ここは思いきり「妄想力」を働かせ、ショパンとサンドがいる光景を想像しながら、それを物語のように書いてしまってはどうでしょうか。なんでしたら「なりきりショパン」のスタイルで、あなた自身が同化するのもひとつの方法。そこまで音楽に没入すれば、きっと楽譜だけを見ている段階に比べ、もっと音楽についての考え方が深まるはずです。そしてその時間は、きっとあなた自身の演奏も変えてくれるに違いありません。

「雨だれのプレリュード」をドラマ仕立てで

では、さっそく光景を想像しながら書いてみましょう。

甘美な愛の香りが漂う変ニ長調の響きに乗って、ゆっくりと2人の心を溶かすような旋律が演奏され、ポツリポツリと落ちる雨だれの音が変イ(A♭)の連打で表現されます。ショパンが恋人のジョルジュ・サンドと共に逗留したマジョルカ島。ひっそりとした修道院で過ごす雨の日は、決して幸福なものではありませんでした。その様子を反映させたと言われるこの曲ですが、特徴的な連打音は自分の寂しい境遇を聴き手に訴えかけるメッセージなのでしょうか。
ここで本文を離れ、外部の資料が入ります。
lemma eigenvalue_pos: "r \<in> R \<Longrightarrow> \<nu> r > 0"
  using eigen_decomp by (simp add: eigen_decomp_def)

lemma L2_orthonormal_eigenfunctions: "L2_orthonormal P R e"
  using eigen_decomp by (simp add: eigen_decomp_def L2_orthonormal_def)

lemma eigenfunction_measurable: "r \<in> R \<Longrightarrow> e r \<in> borel_measurable P"
  using eigen_decomp by (simp add: eigen_decomp_def)

lemma integrable_feature_mult_eigenfunction:
  assumes "s \<in> S" "r \<in> R" shows "integrable P (\<lambda>y. \<phi> s y * e r y)"
  using assms eigen_decomp
  by (intro integrable_mult_of_square_integrable feature_measurable feature_square_integrable)
     (auto simp: eigen_decomp_def)

lemma eigenfunction_expansion:
  assumes "r \<in> R" "x \<in> X"
  shows "\<nu> r * e r x = (\<Sum>s\<in>S. w s * coeff s r * \<phi> s x)"
proof -
  have "\<nu> r * e r x = (\<integral>y. feature_kernel S w \<phi> y x * e r y \<partial>P)"
    using eigen_decomp assms by (simp add: eigen_decomp_def)
  also have "\<dots> = (\<integral>y. (\<Sum>s\<in>S. (w s * \<phi> s x) * (\<phi> s y * e r y)) \<partial>P)"
    by (simp add: feature_kernel_def sum_distrib_left sum_distrib_right mult_ac)
  also have "\<dots> = (\<Sum>s\<in>S. (w s * \<phi> s x) * coeff s r)"
    using integrable_feature_mult_eigenfunction[OF _ assms(1)]
    by (subst Bochner_Integration.integral_sum) (auto simp: coeff_def)
  finally show ?thesis by (simp add: mult_ac)
qed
少しばかり文学的な香りが強いかもしれません。ドラマティックに過ぎるかもしれません。言葉遊びの領域かもしれませんが、このくらいやれば自分だけのオリジナル・スタイルになることもたしか。さらにはこの文章で読み手がなんらかの感情を抱けば、あなたの演奏に対する印象も少なからず変わるはずです。プログラムノートとは、使い方次第で音楽を見事にサポートする役目も果たします。
ですので、曲についての知識や見識を深める意味でも、また演奏の可能性を広げる意味でも、プログラムノートの執筆という作業を面倒くさがらず(「私はピアノが弾きたいだけで、文章を書くのは関係ないわ」などと言わずに)、むしろ書くことを楽しんでください。

4回にわたって、プログラムノートの存在理由やノウハウなどをお伝えしてきましたが、クラシック音楽に慣れていない聴き手ほど、なんらかのヒントを必要としています。的確なヒントが音楽への関心を高め、理解を深めることは言うまでもありません。
その可能性を信じて、プログラムノートを有効活用してください。